Klentak was hired in October 2015, about a month after Ruben Amaro Jr. was let go. MacPhail led the search for the new GM and interviewed 14 candidates before sending three finalists to ownership and ultimately recommending Klentak, who had once worked under him in Baltimore. It was imperative that the Phillies move quickly in replacing Amaro because the fall of 2015 was busy with in-house organizational meetings, general managers meetings and winter meetings all on the docket.

The COVID-19 pandemic has put all of that on hold this fall and that, along with what MacPhail believes could be a slow-moving free-agent market has eliminated some of the urgency to make a quick move.

"Hell, our offices aren't even going to be open until January and that might be a little optimistic," MacPhail said.

"And the other item that you've got to think about is who's going to want to uproot in the middle of a pandemic? But we've already gone through the preliminary stages of a search. We've already identified people. If what is easily apparent to us is a good fit, we'll move right away. But I could see this thing going longer.

"You want the next regime to do well. You want to put them in a position to succeed. In my estimation, if you brought somebody in here right now with a limited capacity to affect positive change, it's just borderline not fair to them."

The pandemic has cost all MLB teams significant revenues. Middleton has said the Phillies will lose "significantly more than $100 million," this year. The organization parted with a handful of experienced scouts last week and a number of player-development staffers this week. Office workers could be next. MacPhail's contract runs through 2021. It sounds likely that he will leave the organization when his deal runs out — if not sooner. He favors the hiring of a president of baseball operations and said he'd "happily step aside" if ownership could land a "big fish" to run the baseball side of things before his contract is up.

MacPhail put the onus on ownership, Middleton in particular, to make the call on the next head of baseball operations.

"Our ownership has to be completely invested," MacPhail said. "I think John needs to be more hands-on early on (in the hiring process), and I've told him that.
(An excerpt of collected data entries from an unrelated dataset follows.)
(* Let $(X,d)$ be a nonempty compact metric space and let $F:X\rightarrow K(X)$ be a set-valued $(\beta_x,r_x)$-local contraction on $X$. Then: (a) if $X$ is $r$-chainable for some $r>0$ such that $F$ is a $(\beta,r)$-uniform local contraction for some $\beta\in[0,1)$, then $\mathrm{Fix}(F)\neq\varnothing$; (b) if $X$ is the union of finitely many pairwise disjoint connected components and $F(x)$ is connected for every $x\in X$, then there is a positive integer $m$ such that $\mathrm{Fix}(F^{(m)})\neq\varnothing$.
   Context: $K(X)$ is the set of nonempty compact subsets of $X$; $H$ is the Hausdorff distance $H(A,B)=\max\{\sup_{a\in A}d(a,B),\sup_{b\in B}d(b,A)\}$ with $d(y,A)=\inf_{a\in A}d(a,y)$; $B_r(x)=\{z\in X:d(x,z)\le r\}$. $F$ is a set-valued $(\beta_x,r_x)$-local contraction if for every $x\in X$ there exist $r_x>0$ and $\beta_x\in[0,1)$ such that $H(F(y),F(z))\le\beta_x d(y,z)$ for all $y,z\in B_{r_x}(x)$; it is a $(\beta,r)$-uniform local contraction if this holds with $\beta_x=\beta$ and $r_x=r$ independent of $x$. An $r$-chain from $x$ to $y$ is a finite sequence $z_0=x,\ldots,z_n=y$ with $d(z_{i-1},z_i)<r$; $X$ is $r$-chainable if any two points are joined by an $r$-chain. Composition of set-valued maps: $(G\circ F)(x)=\bigcup\{G(y):y\in F(x)\}$, and $F^{(m)}$ is the $m$-fold composition of $F$ with itself. $\mathrm{Fix}(G)=\{x\in X: x\in G(x)\}$. *)

theory Defs
  imports "HOL-Analysis.Analysis"
begin

definition hausdorff_dist :: "'a::metric_space set \<Rightarrow> 'a set \<Rightarrow> real" where
  "hausdorff_dist A B = max (SUP a\<in>A. infdist a B) (SUP b\<in>B. infdist b A)"

definition ballX :: "'a::metric_space set \<Rightarrow> 'a \<Rightarrow> real \<Rightarrow> 'a set" where
  "ballX X x r = {z \<in> X. dist x z \<le> r}"

definition setvalued_compact :: "'a::metric_space set \<Rightarrow> ('a \<Rightarrow> 'a set) \<Rightarrow> bool" where
  "setvalued_compact X F \<longleftrightarrow> (\<forall>x\<in>X. F x \<noteq> {} \<and> compact (F x) \<and> F x \<subseteq> X)"

definition local_contraction :: "'a::metric_space set \<Rightarrow> ('a \<Rightarrow> 'a set) \<Rightarrow> bool" where
  "local_contraction X F \<longleftrightarrow>
     (\<forall>x\<in>X. \<exists>r>0. \<exists>\<beta>. 0 \<le> \<beta> \<and> \<beta> < 1 \<and>
        (\<forall>y\<in>ballX X x r. \<forall>z\<in>ballX X x r. hausdorff_dist (F y) (F z) \<le> \<beta> * dist y z))"

definition uniform_local_contraction ::
    "'a::metric_space set \<Rightarrow> ('a \<Rightarrow> 'a set) \<Rightarrow> real \<Rightarrow> real \<Rightarrow> bool" where
  "uniform_local_contraction X F \<beta> r \<longleftrightarrow>
     r > 0 \<and> 0 \<le> \<beta> \<and> \<beta> < 1 \<and>
     (\<forall>x\<in>X. \<forall>y\<in>ballX X x r. \<forall>z\<in>ballX X x r. hausdorff_dist (F y) (F z) \<le> \<beta> * dist y z)"

definition r_chainable :: "'a::metric_space set \<Rightarrow> real \<Rightarrow> bool" where
  "r_chainable X r \<longleftrightarrow>
     (\<forall>x\<in>X. \<forall>y\<in>X. \<exists>n::nat. \<exists>z::nat \<Rightarrow> 'a. z 0 = x \<and> z n = y \<and>
        (\<forall>i\<le>n. z i \<in> X) \<and> (\<forall>i<n. dist (z i) (z (Suc i)) < r))"

definition sv_comp :: "('a \<Rightarrow> 'a set) \<Rightarrow> ('a \<Rightarrow> 'a set) \<Rightarrow> 'a \<Rightarrow> 'a set" where
  "sv_comp G F x = (\<Union>y\<in>F x. G y)"

text \<open>m-fold composition F^(m) for m \<ge> 1 (sv_iter 0 F = F).\<close>
fun sv_iter :: "nat \<Rightarrow> ('a \<Rightarrow> 'a set) \<Rightarrow> 'a \<Rightarrow> 'a set" where
  "sv_iter 0 F = F"
| "sv_iter (Suc k) F = sv_comp F (sv_iter k F)"

definition power_sv :: "('a \<Rightarrow> 'a set) \<Rightarrow> nat \<Rightarrow> 'a \<Rightarrow> 'a set" where
  "power_sv F m = sv_iter (m - 1) F"

definition Fix :: "'a set \<Rightarrow> ('a \<Rightarrow> 'a set) \<Rightarrow> 'a set" where
  "Fix X G = {x\<in>X. x \<in> G x}"

end

theory Submission
  imports Defs
begin

(* If F is a Hausdorff contraction with factor beta on all pairs at distance < r, then every
   r-chain from x to y lifts, starting at any a in F x, to an r-chain from a to a point of F y
   that is at most beta times as long; this lifting property survives composition.  For any
   map G with it, lifting a chain from x to a point of G x over and over gives chains from points
   to their images of length beta^k L, so the continuous displacement x |-> d(x, G x) has
   minimum 0 on the compact X, at a fixed point.  In (a) r-chainability supplies the first chain.
   In (b) a Lebesgue number gives a uniform scale r, and following F through a finite r-net some
   net point recurs after m steps, producing an r-chain from a point x to a point of F^(m)(x). *)

lemma infdist_attained_compact:
  fixes A :: "'a::metric_space set"
  assumes "compact A" "A \<noteq> {}"
  obtains b where "b \<in> A" "infdist a A = dist a b"
proof -
  obtain b where b: "b \<in> A" "\<And>y. y \<in> A \<Longrightarrow> dist a b \<le> dist a y"
    using continuous_attains_inf[OF assms, of "dist a"] continuous_on_dist[OF continuous_on_const continuous_on_id]
    by blast
  have "dist a b \<le> infdist a A"
    unfolding infdist_def using assms b by (auto intro: cINF_greatest)
  with infdist_le[OF b(1), of a] show thesis using that b(1) by simp
qed

lemma setvalued_compactD:
  "setvalued_compact X F \<Longrightarrow> x \<in> X \<Longrightarrow> F x \<noteq> {} \<and> compact (F x) \<and> F x \<subseteq> X"
  unfolding setvalued_compact_def by blast

lemma infdist_le_hausdorff_dist:
  fixes A B :: "'a::metric_space set"
  assumes "compact A" "a \<in> A"
  shows "infdist a B \<le> hausdorff_dist A B"
proof -
  have "compact ((\<lambda>a. infdist a B) ` A)"
    using assms(1) by (intro compact_continuous_image) (auto intro: continuous_intros)
  then have "bdd_above ((\<lambda>a. infdist a B) ` A)"
    by (simp add: bounded_imp_bdd_above compact_imp_bounded)
  then have "infdist a B \<le> (SUP a\<in>A. infdist a B)"
    using assms(2) by (rule cSUP_upper2) simp
  then show ?thesis unfolding hausdorff_dist_def by linarith
qed

definition r_chain :: "'a::metric_space set \<Rightarrow> real \<Rightarrow> 'a \<Rightarrow> 'a \<Rightarrow> nat \<Rightarrow> (nat \<Rightarrow> 'a) \<Rightarrow> bool" where
  "r_chain X r x y n z \<longleftrightarrow>
     z 0 = x \<and> z n = y \<and> (\<forall>i\<le>n. z i \<in> X) \<and> (\<forall>i<n. dist (z i) (z (Suc i)) < r)"

definition chain_length :: "nat \<Rightarrow> (nat \<Rightarrow> 'a::metric_space) \<Rightarrow> real" where
  "chain_length n z = (\<Sum>i<n. dist (z i) (z (Suc i)))"

lemma r_chainable_iff_r_chain:
  "r_chainable X r \<longleftrightarrow> (\<forall>x\<in>X. \<forall>y\<in>X. \<exists>n z. r_chain X r x y n z)"
  unfolding r_chainable_def r_chain_def by blast

lemma r_chain_endpoints:
  "r_chain X r x y n z \<Longrightarrow> x \<in> X \<and> y \<in> X"
  unfolding r_chain_def by (metis le0 order_refl)

lemma r_chain_refl: "x \<in> X \<Longrightarrow> r_chain X r x x 0 (\<lambda>_. x)"
  unfolding r_chain_def by simp

lemma r_chain_single:
  "x \<in> X \<Longrightarrow> y \<in> X \<Longrightarrow> dist x y < r \<Longrightarrow> r_chain X r x y 1 (\<lambda>i. if i = 0 then x else y)"
  unfolding r_chain_def by auto

lemma r_chain_Cons:
  assumes "r_chain X r x y n z" "p \<in> X" "dist p x < r"
  shows "r_chain X r p y (Suc n) (case_nat p z)"
  using assms unfolding r_chain_def by (auto simp: less_Suc_eq_0_disj le_Suc_eq split: nat.split)

lemma r_chain_tl:
  "r_chain X r x y (Suc n) z \<Longrightarrow> r_chain X r (z 1) y n (\<lambda>i. z (Suc i))"
  unfolding r_chain_def by auto

lemma chain_length_nonneg: "chain_length n z \<ge> 0"
  unfolding chain_length_def by (simp add: sum_nonneg)

lemma chain_length_Suc_shift:
  "chain_length (Suc n) z = dist (z 0) (z 1) + chain_length n (\<lambda>i. z (Suc i))"
  unfolding chain_length_def sum.lessThan_Suc_shift by simp

lemma chain_length_single: "chain_length 1 (\<lambda>i. if i = 0 then x else y) = dist x y"
  unfolding chain_length_def by simp

lemma dist_le_chain_length: "dist (z 0) (z n) \<le> chain_length n z"
proof (induction n)
  case (Suc n)
  have "dist (z 0) (z (Suc n)) \<le> dist (z 0) (z n) + dist (z n) (z (Suc n))"
    by (rule dist_triangle)
  also have "\<dots> \<le> chain_length (Suc n) z"
    using Suc by (simp add: chain_length_def)
  finally show ?case .
qed (simp add: chain_length_def)

definition contraction_at_scale ::
    "'a::metric_space set \<Rightarrow> ('a \<Rightarrow> 'a set) \<Rightarrow> real \<Rightarrow> real \<Rightarrow> bool" where
  "contraction_at_scale X F \<beta> r \<longleftrightarrow>
     (\<forall>y\<in>X. \<forall>z\<in>X. dist y z < r \<longrightarrow> hausdorff_dist (F y) (F z) \<le> \<beta> * dist y z)"

definition chain_contracting ::
    "'a::metric_space set \<Rightarrow> real \<Rightarrow> ('a \<Rightarrow> 'a set) \<Rightarrow> real \<Rightarrow> bool" where
  "chain_contracting X r G \<beta> \<longleftrightarrow>
     (\<forall>x y n z a. r_chain X r x y n z \<longrightarrow> a \<in> G x \<longrightarrow>
        (\<exists>b m w. b \<in> G y \<and> r_chain X r a b m w \<and> chain_length m w \<le> \<beta> * chain_length n z))"

lemma uniform_local_contraction_imp_contraction_at_scale:
  assumes "uniform_local_contraction X F \<beta> r"
  shows "contraction_at_scale X F \<beta> r"
  unfolding contraction_at_scale_def
proof (intro ballI impI)
  fix y z assume yz: "y \<in> X" "z \<in> X" "dist y z < r"
  then have "y \<in> ballX X y r" "z \<in> ballX X y r"
    using assms unfolding ballX_def uniform_local_contraction_def by auto
  then show "hausdorff_dist (F y) (F z) \<le> \<beta> * dist y z"
    using assms yz(1) unfolding uniform_local_contraction_def by blast
qed

lemma contraction_at_scale_nearby_point:
  assumes "setvalued_compact X F" "contraction_at_scale X F \<beta> r"
    and "y \<in> X" "z \<in> X" "dist y z < r" "a \<in> F y"
  obtains b where "b \<in> F z" "dist a b \<le> \<beta> * dist y z"
proof -
  have "compact (F y)" "compact (F z)" "F z \<noteq> {}"
    using setvalued_compactD[OF assms(1)] assms(3,4) by auto
  then obtain b where b: "b \<in> F z" "infdist a (F z) = dist a b"
    using infdist_attained_compact by metis
  have "infdist a (F z) \<le> hausdorff_dist (F y) (F z)"
    using \<open>compact (F y)\<close> assms(6) by (rule infdist_le_hausdorff_dist)
  also have "\<dots> \<le> \<beta> * dist y z"
    using assms(2-5) unfolding contraction_at_scale_def by blast
  finally show thesis using that b by simp
qed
Because I'm not going to be here in a year, so it doesn't matter who I pick. They need to be invested in it."

Middleton earlier this month scorched the organization for its historically poor record of player evaluation, save for a couple of periods around the World Series championship years, and said he wanted his new head of baseball to have a background in scouting and player development. But Middleton also pushed for the Phillies to establish an analytics department over the last half-decade and the organization is not about to abandon that.

"I still think the same thing as when I was introduced (in the summer of 2015)," MacPhail said. "You have to look at everything. You can't ignore scouting. You can't ignore analytics. Why would you deny yourself the opportunity to look at everything?

"No one person is going to know everything about everything. But you are looking for people that know how to get things done from both sides and understand how to put the whole thing together. That would be what I'd be looking for."

Five years ago, Middleton said MacPhail was being hired to oversee the entire organization "but his focus was baseball and his mandate was to win." The Phillies have not had a winning season since 2011.

"I didn't expect to be here in year five and still be under .500," MacPhail said. "That is a severe disappointment to me. I don't know why we play like we do at the end of September for the last three years, but I thought our team was relatively well-positioned to go to the postseason (in 2020). It did not.

"In the end, if you look at the directory, you see John Middleton — that's ownership — then it's me. I'm ultimately responsible for the management of the franchise on the baseball and the business side. So that is a great source of disappointment to me that by this time we hadn't done better than we did."